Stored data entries

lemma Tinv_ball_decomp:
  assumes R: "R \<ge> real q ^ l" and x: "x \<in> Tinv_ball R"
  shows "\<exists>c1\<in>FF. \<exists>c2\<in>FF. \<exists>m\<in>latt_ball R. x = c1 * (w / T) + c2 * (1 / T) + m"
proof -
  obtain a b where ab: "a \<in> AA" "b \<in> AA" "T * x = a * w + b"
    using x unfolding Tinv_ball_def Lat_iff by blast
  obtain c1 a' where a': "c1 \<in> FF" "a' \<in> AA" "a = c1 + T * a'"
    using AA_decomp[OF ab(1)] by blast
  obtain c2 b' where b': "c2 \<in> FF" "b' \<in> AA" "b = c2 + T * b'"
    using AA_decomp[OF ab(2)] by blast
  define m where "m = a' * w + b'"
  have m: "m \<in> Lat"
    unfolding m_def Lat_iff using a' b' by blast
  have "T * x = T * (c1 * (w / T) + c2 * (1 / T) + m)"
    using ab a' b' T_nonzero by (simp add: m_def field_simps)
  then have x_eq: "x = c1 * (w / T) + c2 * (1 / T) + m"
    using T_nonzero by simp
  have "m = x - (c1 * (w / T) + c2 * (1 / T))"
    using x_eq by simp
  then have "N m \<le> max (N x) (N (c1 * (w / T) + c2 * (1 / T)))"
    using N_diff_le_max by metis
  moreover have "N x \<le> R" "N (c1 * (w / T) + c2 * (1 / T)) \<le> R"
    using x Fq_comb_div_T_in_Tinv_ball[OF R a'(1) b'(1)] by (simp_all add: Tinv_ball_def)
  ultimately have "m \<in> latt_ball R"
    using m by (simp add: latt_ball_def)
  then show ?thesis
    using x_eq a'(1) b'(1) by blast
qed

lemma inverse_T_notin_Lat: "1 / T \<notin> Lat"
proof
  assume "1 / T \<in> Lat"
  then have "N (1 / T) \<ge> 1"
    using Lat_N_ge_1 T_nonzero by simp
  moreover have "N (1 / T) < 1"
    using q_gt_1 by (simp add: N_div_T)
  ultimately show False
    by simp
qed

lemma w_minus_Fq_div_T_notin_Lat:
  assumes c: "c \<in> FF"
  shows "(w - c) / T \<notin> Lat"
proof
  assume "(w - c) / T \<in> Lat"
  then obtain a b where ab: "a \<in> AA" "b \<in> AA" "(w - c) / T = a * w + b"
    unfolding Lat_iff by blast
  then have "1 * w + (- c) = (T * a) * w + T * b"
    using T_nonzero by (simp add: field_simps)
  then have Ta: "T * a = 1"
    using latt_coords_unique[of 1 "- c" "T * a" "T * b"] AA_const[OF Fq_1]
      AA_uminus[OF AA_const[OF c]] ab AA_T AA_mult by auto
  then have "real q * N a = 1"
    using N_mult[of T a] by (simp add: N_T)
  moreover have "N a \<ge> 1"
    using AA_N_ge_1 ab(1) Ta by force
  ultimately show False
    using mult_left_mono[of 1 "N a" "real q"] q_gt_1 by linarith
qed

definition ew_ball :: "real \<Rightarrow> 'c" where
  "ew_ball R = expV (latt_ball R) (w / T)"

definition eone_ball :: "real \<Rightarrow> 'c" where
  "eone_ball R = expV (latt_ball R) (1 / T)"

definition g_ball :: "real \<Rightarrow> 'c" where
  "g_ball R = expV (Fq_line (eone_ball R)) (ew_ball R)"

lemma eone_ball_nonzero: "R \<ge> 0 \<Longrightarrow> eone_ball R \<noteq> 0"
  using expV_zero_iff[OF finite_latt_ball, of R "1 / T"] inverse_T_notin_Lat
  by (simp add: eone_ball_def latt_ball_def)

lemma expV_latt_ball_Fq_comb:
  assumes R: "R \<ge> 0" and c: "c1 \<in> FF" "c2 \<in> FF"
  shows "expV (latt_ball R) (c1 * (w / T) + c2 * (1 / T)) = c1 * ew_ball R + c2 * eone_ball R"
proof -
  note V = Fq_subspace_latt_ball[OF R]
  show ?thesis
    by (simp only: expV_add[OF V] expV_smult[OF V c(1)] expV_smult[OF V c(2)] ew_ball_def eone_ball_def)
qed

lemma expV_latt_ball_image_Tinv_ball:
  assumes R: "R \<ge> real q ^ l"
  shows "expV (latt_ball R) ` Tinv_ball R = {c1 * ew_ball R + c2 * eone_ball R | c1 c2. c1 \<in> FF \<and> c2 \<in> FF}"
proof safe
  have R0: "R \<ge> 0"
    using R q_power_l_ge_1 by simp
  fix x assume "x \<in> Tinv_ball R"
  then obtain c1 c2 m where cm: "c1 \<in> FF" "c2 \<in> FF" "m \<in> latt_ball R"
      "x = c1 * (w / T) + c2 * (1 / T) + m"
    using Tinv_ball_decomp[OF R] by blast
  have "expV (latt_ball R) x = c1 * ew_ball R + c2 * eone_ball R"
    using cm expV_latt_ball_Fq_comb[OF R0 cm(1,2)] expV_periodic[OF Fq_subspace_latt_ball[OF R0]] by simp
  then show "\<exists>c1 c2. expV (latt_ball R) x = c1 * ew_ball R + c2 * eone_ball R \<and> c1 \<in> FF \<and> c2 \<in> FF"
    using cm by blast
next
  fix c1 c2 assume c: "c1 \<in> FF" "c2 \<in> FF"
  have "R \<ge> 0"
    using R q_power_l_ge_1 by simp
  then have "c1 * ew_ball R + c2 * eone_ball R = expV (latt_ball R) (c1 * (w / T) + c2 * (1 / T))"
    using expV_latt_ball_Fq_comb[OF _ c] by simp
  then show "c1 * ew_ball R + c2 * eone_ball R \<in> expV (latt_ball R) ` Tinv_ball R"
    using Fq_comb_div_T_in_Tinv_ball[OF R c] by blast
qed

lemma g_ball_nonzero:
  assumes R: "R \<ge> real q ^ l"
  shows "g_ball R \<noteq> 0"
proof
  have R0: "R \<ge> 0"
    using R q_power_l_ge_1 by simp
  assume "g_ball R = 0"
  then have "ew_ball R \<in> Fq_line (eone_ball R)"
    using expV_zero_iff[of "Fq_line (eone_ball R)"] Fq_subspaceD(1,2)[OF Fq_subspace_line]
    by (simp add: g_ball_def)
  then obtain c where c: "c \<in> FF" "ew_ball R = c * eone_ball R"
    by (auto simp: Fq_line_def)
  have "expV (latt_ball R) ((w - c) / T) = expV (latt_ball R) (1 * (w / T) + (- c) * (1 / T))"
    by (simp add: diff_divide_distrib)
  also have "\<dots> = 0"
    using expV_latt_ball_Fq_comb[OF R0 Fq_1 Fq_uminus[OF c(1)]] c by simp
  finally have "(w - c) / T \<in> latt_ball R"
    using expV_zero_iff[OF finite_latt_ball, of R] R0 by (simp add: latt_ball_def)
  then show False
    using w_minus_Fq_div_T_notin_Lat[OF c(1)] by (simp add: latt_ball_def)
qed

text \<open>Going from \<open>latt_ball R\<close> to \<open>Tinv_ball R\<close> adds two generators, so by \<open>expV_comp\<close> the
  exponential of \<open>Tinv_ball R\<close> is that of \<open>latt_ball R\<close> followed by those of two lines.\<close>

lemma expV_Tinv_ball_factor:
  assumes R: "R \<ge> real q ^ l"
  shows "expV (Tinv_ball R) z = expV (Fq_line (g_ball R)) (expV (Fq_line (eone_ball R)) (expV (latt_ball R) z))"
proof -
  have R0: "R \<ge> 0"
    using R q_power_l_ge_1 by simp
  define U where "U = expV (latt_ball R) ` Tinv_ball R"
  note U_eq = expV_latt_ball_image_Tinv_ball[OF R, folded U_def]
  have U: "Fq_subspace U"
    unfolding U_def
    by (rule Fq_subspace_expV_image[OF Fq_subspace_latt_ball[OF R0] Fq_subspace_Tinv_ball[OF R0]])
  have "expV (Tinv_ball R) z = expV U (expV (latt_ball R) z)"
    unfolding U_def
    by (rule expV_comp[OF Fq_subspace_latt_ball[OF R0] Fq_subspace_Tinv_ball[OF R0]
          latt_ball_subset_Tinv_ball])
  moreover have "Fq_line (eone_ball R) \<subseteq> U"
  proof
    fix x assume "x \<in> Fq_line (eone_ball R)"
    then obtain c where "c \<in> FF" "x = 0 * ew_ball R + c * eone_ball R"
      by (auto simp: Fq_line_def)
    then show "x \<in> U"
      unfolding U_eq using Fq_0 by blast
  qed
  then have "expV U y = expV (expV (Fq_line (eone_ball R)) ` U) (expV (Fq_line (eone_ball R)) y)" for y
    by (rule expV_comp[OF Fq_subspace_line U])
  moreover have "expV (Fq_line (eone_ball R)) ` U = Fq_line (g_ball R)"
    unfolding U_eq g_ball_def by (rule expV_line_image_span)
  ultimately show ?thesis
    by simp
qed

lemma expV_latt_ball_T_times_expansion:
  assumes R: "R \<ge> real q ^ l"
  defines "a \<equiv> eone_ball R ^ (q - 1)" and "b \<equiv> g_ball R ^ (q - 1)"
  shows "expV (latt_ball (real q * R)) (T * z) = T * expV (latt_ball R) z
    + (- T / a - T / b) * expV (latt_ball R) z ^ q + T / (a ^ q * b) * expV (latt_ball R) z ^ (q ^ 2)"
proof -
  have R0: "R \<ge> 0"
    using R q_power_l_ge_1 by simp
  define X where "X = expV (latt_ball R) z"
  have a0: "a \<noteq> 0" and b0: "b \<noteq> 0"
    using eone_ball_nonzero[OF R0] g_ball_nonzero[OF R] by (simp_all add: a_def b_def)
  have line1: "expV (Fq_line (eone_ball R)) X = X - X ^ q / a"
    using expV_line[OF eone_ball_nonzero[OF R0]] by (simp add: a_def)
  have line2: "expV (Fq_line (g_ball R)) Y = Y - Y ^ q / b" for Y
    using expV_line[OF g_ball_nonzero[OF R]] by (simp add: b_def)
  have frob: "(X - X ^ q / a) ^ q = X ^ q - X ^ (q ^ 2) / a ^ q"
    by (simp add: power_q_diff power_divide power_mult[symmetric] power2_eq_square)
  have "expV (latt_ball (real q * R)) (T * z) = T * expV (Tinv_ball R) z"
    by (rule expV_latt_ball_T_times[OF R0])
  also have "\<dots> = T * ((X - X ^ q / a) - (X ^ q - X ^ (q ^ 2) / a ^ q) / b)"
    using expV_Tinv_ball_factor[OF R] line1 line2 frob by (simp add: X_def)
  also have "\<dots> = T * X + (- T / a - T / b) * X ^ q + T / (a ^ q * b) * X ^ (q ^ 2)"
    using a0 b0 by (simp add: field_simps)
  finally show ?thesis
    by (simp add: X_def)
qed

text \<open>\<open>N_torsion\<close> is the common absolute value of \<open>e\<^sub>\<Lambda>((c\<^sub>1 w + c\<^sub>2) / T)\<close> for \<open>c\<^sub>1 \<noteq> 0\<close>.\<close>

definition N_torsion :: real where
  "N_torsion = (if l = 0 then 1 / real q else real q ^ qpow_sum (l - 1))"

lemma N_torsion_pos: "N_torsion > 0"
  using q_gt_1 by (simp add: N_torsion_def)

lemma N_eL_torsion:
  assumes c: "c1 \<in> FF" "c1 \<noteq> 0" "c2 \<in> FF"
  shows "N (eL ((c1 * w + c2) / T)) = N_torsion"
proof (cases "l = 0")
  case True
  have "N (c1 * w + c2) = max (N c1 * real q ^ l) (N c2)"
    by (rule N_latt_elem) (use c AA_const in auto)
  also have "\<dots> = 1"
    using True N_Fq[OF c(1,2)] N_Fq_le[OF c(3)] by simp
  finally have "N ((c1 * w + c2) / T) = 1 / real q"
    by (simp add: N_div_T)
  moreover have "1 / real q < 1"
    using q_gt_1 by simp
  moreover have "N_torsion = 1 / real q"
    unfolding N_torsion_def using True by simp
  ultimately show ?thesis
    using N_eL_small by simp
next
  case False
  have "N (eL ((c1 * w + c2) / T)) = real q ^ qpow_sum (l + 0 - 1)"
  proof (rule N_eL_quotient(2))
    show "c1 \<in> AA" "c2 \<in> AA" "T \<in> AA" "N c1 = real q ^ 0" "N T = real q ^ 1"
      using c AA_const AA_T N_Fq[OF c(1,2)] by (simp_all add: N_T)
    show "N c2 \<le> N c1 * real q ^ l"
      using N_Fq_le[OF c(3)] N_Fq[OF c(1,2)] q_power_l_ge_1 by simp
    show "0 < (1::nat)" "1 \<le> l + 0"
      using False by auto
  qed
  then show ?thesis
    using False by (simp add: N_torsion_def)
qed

--

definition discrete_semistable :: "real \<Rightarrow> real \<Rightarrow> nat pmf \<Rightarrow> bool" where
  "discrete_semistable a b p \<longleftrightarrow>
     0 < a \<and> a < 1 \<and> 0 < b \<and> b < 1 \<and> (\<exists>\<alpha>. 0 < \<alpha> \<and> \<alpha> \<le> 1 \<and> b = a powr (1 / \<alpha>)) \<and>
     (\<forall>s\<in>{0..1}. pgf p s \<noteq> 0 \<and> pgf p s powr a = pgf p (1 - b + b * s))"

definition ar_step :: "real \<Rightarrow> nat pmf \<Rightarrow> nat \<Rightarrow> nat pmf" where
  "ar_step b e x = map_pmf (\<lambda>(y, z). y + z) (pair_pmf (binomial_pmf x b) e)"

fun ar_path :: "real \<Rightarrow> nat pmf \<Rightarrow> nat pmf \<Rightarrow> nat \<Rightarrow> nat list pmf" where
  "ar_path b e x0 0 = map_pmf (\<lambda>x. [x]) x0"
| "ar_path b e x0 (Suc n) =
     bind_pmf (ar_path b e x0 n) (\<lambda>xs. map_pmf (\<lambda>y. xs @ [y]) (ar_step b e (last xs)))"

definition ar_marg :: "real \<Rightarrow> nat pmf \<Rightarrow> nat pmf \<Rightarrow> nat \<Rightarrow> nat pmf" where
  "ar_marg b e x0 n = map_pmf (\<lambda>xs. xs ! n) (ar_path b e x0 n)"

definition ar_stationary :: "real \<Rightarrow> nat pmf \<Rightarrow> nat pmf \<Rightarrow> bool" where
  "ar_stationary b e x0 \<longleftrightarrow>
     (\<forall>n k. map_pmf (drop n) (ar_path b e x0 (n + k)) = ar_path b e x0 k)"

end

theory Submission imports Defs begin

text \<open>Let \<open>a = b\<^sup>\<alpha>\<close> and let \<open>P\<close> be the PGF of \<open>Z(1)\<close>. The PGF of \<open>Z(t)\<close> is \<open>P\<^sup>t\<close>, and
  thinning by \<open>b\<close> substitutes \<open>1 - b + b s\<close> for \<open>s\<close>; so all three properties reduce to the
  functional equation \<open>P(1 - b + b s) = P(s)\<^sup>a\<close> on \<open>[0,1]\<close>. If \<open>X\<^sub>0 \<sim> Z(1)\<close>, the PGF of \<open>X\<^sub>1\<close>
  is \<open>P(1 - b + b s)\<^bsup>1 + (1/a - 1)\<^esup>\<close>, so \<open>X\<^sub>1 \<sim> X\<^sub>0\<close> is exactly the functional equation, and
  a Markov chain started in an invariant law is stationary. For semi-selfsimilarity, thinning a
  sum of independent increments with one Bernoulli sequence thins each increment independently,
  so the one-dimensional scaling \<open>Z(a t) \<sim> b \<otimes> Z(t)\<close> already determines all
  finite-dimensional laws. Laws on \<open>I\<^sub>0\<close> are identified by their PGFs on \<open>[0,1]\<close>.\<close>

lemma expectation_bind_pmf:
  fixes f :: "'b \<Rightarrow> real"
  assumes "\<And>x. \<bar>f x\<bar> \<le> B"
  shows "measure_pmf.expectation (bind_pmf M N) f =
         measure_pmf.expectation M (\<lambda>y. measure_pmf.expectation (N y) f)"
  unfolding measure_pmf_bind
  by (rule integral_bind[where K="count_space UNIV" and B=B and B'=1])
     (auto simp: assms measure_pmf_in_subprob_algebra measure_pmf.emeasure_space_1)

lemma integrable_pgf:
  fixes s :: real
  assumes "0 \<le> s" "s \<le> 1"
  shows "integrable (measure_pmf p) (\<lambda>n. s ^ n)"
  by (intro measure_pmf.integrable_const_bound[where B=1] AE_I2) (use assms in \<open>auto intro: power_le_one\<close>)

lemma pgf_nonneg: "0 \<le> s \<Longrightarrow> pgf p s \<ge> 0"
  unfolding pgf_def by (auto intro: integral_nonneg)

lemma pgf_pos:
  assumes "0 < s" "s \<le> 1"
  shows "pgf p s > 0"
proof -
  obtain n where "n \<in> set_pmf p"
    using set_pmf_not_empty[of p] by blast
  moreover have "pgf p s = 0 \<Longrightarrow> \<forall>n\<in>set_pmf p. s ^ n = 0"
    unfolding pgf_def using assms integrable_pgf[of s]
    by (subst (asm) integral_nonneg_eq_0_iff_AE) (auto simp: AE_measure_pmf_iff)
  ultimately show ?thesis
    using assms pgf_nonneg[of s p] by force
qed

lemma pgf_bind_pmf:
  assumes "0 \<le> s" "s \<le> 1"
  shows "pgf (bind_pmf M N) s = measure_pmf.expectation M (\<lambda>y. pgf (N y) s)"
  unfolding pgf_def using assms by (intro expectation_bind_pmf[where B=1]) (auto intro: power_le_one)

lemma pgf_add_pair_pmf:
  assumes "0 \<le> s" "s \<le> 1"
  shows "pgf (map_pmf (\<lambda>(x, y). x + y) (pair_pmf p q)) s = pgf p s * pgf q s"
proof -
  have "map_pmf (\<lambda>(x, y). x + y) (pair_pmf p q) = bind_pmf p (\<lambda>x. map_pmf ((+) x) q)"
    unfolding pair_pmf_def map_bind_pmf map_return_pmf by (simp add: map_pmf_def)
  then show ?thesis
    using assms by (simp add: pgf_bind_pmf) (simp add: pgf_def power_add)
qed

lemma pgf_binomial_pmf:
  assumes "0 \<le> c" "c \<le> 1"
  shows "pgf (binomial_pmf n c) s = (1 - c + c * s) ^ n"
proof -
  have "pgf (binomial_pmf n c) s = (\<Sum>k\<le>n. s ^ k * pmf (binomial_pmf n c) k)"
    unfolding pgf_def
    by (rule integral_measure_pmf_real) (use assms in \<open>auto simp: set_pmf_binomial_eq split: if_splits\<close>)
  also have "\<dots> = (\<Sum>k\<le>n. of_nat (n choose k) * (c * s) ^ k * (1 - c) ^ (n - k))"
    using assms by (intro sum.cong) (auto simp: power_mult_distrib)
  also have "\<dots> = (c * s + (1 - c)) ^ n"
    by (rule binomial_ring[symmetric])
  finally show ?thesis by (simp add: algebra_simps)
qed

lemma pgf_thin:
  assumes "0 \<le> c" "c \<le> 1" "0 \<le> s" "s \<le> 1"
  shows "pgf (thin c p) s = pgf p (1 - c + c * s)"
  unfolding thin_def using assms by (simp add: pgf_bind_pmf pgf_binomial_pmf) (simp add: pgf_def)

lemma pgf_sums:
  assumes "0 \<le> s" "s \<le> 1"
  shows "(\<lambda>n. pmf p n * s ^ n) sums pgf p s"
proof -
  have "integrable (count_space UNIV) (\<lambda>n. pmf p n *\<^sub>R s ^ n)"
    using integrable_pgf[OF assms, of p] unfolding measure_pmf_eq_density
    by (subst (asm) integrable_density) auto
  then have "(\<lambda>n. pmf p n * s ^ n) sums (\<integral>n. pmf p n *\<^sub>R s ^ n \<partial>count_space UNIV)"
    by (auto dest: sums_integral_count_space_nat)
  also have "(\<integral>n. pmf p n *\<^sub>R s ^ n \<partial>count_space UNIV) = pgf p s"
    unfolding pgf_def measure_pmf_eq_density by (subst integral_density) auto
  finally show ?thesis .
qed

Your goal
Only the lines above starting at the line that holds "using q_gt_1 by (simp add: N_torsion_def)" and ending at the line that holds "c2) = max (N" are to be repeated, exactly and in full.

Result of this task
  using q_gt_1 by (simp add: N_torsion_def)

lemma N_eL_torsion:
  assumes c: "c1 \<in> FF" "c1 \<noteq> 0" "c2 \<in> FF"
  shows "N (eL ((c1 * w + c2) / T)) = N_torsion"
proof (cases "l = 0")
  case True
  have "N (c1 * w + c2) = max (N c1 * real q ^ l) (N c2)"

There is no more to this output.